**Directions:** Give back each line of the listing below that contains the string "assumes".
-.-.-
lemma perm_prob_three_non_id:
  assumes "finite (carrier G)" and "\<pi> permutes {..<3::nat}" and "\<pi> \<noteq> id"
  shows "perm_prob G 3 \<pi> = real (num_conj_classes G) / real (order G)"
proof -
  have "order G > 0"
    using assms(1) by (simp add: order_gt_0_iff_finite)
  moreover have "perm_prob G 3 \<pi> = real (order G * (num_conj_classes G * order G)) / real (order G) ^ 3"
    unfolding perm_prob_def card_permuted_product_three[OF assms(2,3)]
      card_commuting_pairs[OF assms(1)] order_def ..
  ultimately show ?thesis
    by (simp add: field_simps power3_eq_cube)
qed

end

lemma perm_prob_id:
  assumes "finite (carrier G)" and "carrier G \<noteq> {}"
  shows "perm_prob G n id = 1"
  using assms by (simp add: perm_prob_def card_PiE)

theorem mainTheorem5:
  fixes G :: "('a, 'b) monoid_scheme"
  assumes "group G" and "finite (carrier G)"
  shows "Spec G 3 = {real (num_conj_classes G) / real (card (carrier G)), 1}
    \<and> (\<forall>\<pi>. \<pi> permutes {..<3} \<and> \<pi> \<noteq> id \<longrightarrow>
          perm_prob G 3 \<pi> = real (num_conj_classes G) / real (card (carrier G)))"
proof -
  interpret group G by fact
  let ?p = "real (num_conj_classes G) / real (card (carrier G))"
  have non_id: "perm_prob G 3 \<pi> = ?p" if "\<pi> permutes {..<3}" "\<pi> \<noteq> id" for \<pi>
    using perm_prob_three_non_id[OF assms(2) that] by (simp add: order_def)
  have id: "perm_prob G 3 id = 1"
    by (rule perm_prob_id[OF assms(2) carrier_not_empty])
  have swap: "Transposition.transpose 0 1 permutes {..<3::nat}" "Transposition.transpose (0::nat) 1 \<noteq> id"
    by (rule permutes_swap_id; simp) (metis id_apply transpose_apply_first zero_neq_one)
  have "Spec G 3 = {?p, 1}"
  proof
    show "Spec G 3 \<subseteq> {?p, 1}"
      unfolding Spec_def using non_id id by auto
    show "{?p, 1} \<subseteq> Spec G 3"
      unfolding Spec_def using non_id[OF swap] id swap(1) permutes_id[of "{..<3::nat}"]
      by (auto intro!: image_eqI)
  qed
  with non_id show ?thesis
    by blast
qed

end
-.-.-
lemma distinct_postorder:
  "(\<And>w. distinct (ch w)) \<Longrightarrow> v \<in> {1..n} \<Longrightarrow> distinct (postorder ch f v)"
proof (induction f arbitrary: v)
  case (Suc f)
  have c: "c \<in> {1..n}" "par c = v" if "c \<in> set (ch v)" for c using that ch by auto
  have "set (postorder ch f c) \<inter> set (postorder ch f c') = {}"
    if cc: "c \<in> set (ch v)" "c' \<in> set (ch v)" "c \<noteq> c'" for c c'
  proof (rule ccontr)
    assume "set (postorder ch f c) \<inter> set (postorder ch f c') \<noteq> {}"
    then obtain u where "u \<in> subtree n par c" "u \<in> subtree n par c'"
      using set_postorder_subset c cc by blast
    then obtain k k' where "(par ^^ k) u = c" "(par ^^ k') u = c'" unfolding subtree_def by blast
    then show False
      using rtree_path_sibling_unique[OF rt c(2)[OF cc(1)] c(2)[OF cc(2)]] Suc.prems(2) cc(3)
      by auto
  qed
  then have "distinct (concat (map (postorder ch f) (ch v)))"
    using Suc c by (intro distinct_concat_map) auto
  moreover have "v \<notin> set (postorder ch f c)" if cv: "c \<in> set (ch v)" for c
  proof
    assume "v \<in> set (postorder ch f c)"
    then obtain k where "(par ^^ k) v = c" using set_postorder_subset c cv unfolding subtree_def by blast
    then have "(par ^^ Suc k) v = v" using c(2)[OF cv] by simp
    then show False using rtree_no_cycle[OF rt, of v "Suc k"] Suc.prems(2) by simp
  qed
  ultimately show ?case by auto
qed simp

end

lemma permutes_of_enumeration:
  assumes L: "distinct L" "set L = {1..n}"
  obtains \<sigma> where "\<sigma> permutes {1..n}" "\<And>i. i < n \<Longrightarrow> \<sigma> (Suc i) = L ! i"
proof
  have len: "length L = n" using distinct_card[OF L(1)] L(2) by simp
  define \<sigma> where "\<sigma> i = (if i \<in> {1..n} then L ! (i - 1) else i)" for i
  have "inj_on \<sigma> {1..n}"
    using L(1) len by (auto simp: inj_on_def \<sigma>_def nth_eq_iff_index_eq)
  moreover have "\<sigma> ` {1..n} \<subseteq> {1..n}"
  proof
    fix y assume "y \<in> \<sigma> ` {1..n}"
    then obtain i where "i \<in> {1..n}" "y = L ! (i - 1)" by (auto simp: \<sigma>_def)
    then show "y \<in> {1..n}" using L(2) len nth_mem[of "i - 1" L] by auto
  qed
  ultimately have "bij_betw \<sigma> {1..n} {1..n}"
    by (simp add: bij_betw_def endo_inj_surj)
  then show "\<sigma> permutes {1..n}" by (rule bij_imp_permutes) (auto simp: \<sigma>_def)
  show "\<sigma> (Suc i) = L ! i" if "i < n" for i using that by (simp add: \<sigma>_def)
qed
-.-.-
**Answer box:**
  assumes "finite (carrier G)" and "\<pi> permutes {..<3::nat}" and "\<pi> \<noteq> id"
  assumes "finite (carrier G)" and "carrier G \<noteq> {}"
  assumes "group G" and "finite (carrier G)"
  assumes L: "distinct L" "set L = {1..n}"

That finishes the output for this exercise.